WATCH: Rep. Randy Fine Introduces Public Notices Reform Bill, Brevard Sheriff Wayne Ivey Fully Supports Effort
By Space Coast Daily // March 16, 2019
bill would increase accessibility to Public Notices, save taxpayers millions of dollars
SPACE COAST DAILY TV: State Representative Randy Fine and Brevard Sheriff Wayne Ivey held a joint press conference to announce Representative Fine’s sixth and final proposed piece of legislation for the 2019 Legislative Session which calls for Public Notice Reform.
REP. RANDY FINE: Public Notice Reform Act would increase accessibility to Public Notices, save taxpayers hundreds of millions of dollars.
BREVARD COUNTY • VIERA, FLORIDA – Representative Randy Fine (R-Palm Bay) and Senator Dennis Baxley (R-Ocala) introduced the 2019 Public Notice Reform Act (PNRA), which will save taxpayers millions of dollars while increasing accessibility to Public Notices.
Rep.

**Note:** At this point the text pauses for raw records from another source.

(* Let $K\ge3$, $V\ge1$, let $\phi_1,\dots,\phi_K\in\Delta_{V-1}$ have strictly positive entries, $p\in\Delta_{V-1}$, and $H(\theta)=\sum_{v=1}^Vp_v\log\big(\sum_{k=1}^K\theta_k\phi_k(v)\big)$. Let $\theta^*$ be a maximizer of $H$ on $\Delta_{K-1}$ with all coordinates strictly positive. Assume (B1): for every $v$, $\max_k\phi_k(v)$ is attained at a unique index $k(v)$; and that $\phi$ is $\varepsilon$-sparse with $\varepsilon<\varepsilon_0$. Let $X=\mathrm{diag}(1/\theta^*_1,\dots,1/\theta^*_K)$, $Y=-\nabla^2H(\theta^* )$, and $Z=X^{-1/2}YX^{-1/2}$. Then there exists $C>0$, independent of $\varepsilon$, such that $$\frac{\|Z-I\|_F}{\sqrt{\lambda_{\min}(Z)}}\le C\varepsilon.$$
   Context: $\Delta_{d-1}=\{x\in\mathbb{R}^d:x_i\ge0,\sum_ix_i=1\}$. $X$ is the Hessian of $\theta\mapsto\mathrm{KL}(\theta^*|\theta)=\sum_k\theta^*_k\log(\theta^*_k/\theta_k)$ at $\theta=\theta^*$. $\phi$ is $\varepsilon$-sparse if $\varepsilon=\max_v\frac{\sum_{j\ne k(v)}\phi_j(v)}{\phi_{k(v)}(v)}$. With $\theta^*_{\min}=\min_k\theta^*_k$, $\theta^*_{\max}=\max_k\theta^*_k$, $C^{(1)}_{\max}=(\theta^*_{\max})^{1/2}/(\theta^*_{\min})^{3/2}$, $C^{(2)}_{\max}=\theta^*_{\max}/(\theta^*_{\min})^2$, and $F(\varepsilon)=4(C^{(2)}_{\max})^2K+K(K-1)(2C^{(1)}_{\max}+C^{(2)}_{\max}\varepsilon)^2$, $\varepsilon_0>0$ is the unique root of $\varepsilon\sqrt{F(\varepsilon)}=1/2$. $\lambda_{\min}(Z)$ is the smallest eigenvalue of the symmetric matrix $Z$, $\|\cdot\|_F$ the Frobenius norm. *)

theory Defs
  imports "HOL-Analysis.Analysis"
begin
lemma caratheodory_solution_ge_Psi_L:
  assumes sol: "caratheodory_solution N M x"
    and M: "\<And>i j t. i < N \<Longrightarrow> j < N \<Longrightarrow> 0 \<le> t \<Longrightarrow> M i j t \<in> {0..1}"
    and init: "\<And>i. i < N \<Longrightarrow> \<alpha> \<le> x i 0"
    and "I < N" "0 \<le> \<tau>" "Psi_L N xbar \<alpha> \<tau> \<le> x I \<tau>" "\<tau> \<le> t"
  shows "Psi_L N xbar \<alpha> t \<le> x I t"
proof -
  define c where "c = (real N - 1) / real N"
  have "0 \<le> c"
    unfolding c_def using \<open>I < N\<close> by simp
  have rhs_bound: "- c * (x I s - \<alpha>) \<le> rhs N M x I s" if "\<tau> \<le> s" for s
    unfolding c_def using \<open>I < N\<close> \<open>0 \<le> \<tau>\<close> that
    by (intro rhs_lower_bound M caratheodory_solution_lower_bound[OF sol M init]) auto
  show ?thesis
  proof (rule lower_barrier_comparison[where J = "{I}" and y = x and f = "rhs N M x" and j = I
        and t = t and a = \<tau> and \<phi> = "\<lambda>_. Psi_L N xbar \<alpha>" and \<phi>' = "\<lambda>_ s. - c * (Psi_L N xbar \<alpha> s - \<alpha>)"
        and L = c])
    fix k :: nat and s \<delta> :: real
    assume "k \<in> {I}" "\<tau> \<le> s" "0 \<le> \<delta>"
    then have "- c * (Psi_L N xbar \<alpha> s - \<alpha>) - c * (x k s - Psi_L N xbar \<alpha> s + \<delta>)
        = - c * (x I s - \<alpha>) - c * \<delta>" "0 \<le> c * \<delta>"
      using \<open>0 \<le> c\<close> by (auto simp: algebra_simps)
    then show "- c * (Psi_L N xbar \<alpha> s - \<alpha>) - c * (x k s - Psi_L N xbar \<alpha> s + \<delta>) \<le> rhs N M x k s"
      using rhs_bound[OF \<open>\<tau> \<le> s\<close>] \<open>k \<in> {I}\<close> by simp
  qed (use assms \<open>0 \<le> c\<close> caratheodory_solution_has_integral Psi_L_has_real_derivative in \<open>auto simp: c_def\<close>)
qed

Fine was joined by Brevard County Sheriff Wayne Ivey, who fully supports the bill, to announce the Public Notice Reform Act during a recent press conference at the Government Center in Viera.
“As an elected official, and a taxpayer, this bill makes perfect sense,” said Sheriff Ivey.
“As the law sits right now, if we (Brevard County Sheriff’s Office) are going to do an auction, we have to do a public notice in the newspaper and there is a fee associated with that. We could just as easily put out that public notice online or a website.
“But as of now, the only avenue that is admissible is for us to put it up on public notice. Some of our citizens are on fixed incomes and can’t afford the printed paper. This (bill) will allow us to take taxpayer dollars we have designated in the public notice arena and be able to utilize it in other areas such as fixing the lagoon, public safety and infrastructure. For example, Brevard County has an infrastructure problem and this will allow us to use those resources to fix that.
“We are going to collectively work together to see that this happens,” Ivey added.
The PNRA would eliminate the requirement for governments and citizens to purchase physical print advertising for public notices while maintaining the requirement for online, storable, searchable public notices.
It would create a free market where current – and new – entrants could compete for the publication of public notices and would give governments the option, if they chose, to publish themselves.
Lastly, the legislation would require publishers of public notices to mail free, via first class mail, copies of all public notices to any member of the public wishing to obtain public notices in this fashion.
“A primary responsibility as legislators is to look for best value,” said Senator Baxley.
“The present method of printing the tax roll in a newspaper is anachronistic, and this is an unnecessary burden on the citizens of Florida.”
“When the public notice law was established, print newspapers were the dominant communications vehicle for our citizens,” said Representative Fine.
“With the advent of the internet and smartphones and the dramatic declines in print circulation, that is no longer the case. Taxpayers deserve easy access to public notices without having to spend hundreds of millions of dollars subsidizing a medium whose time has passed.
“Taxpayers were not forced to subsidize the telegraph industry as technology leapfrogged it; the printed newspaper industry deserves no better. And in a time where we are demanding local governments prioritize their limited funding to improve school safety and save our waterways, we owe them the ability to divert funding from state-mandated corporate welfare to these more important uses.”
Gannett newspaper executive Bill Barker said having legal notices in an independent and credible news product ensures the most opportunity for the public to be fully informed.
“We believe elected officials have the same level of interest in having a well-informed public as we do,” said Barker.
“We don’t want to see the day where the government begins to police itself through its own mechanisms of communicating to the public, that in fact, have very little use or engagement. Proper public notice is as important a foundation to government transparency as many of the other tenets of our democracy. And we would hate to see public officials try to leverage cost savings in the interest of taxpayers as a disguise to lessen transparency and full disclosure of notices to the largest possible audiences.”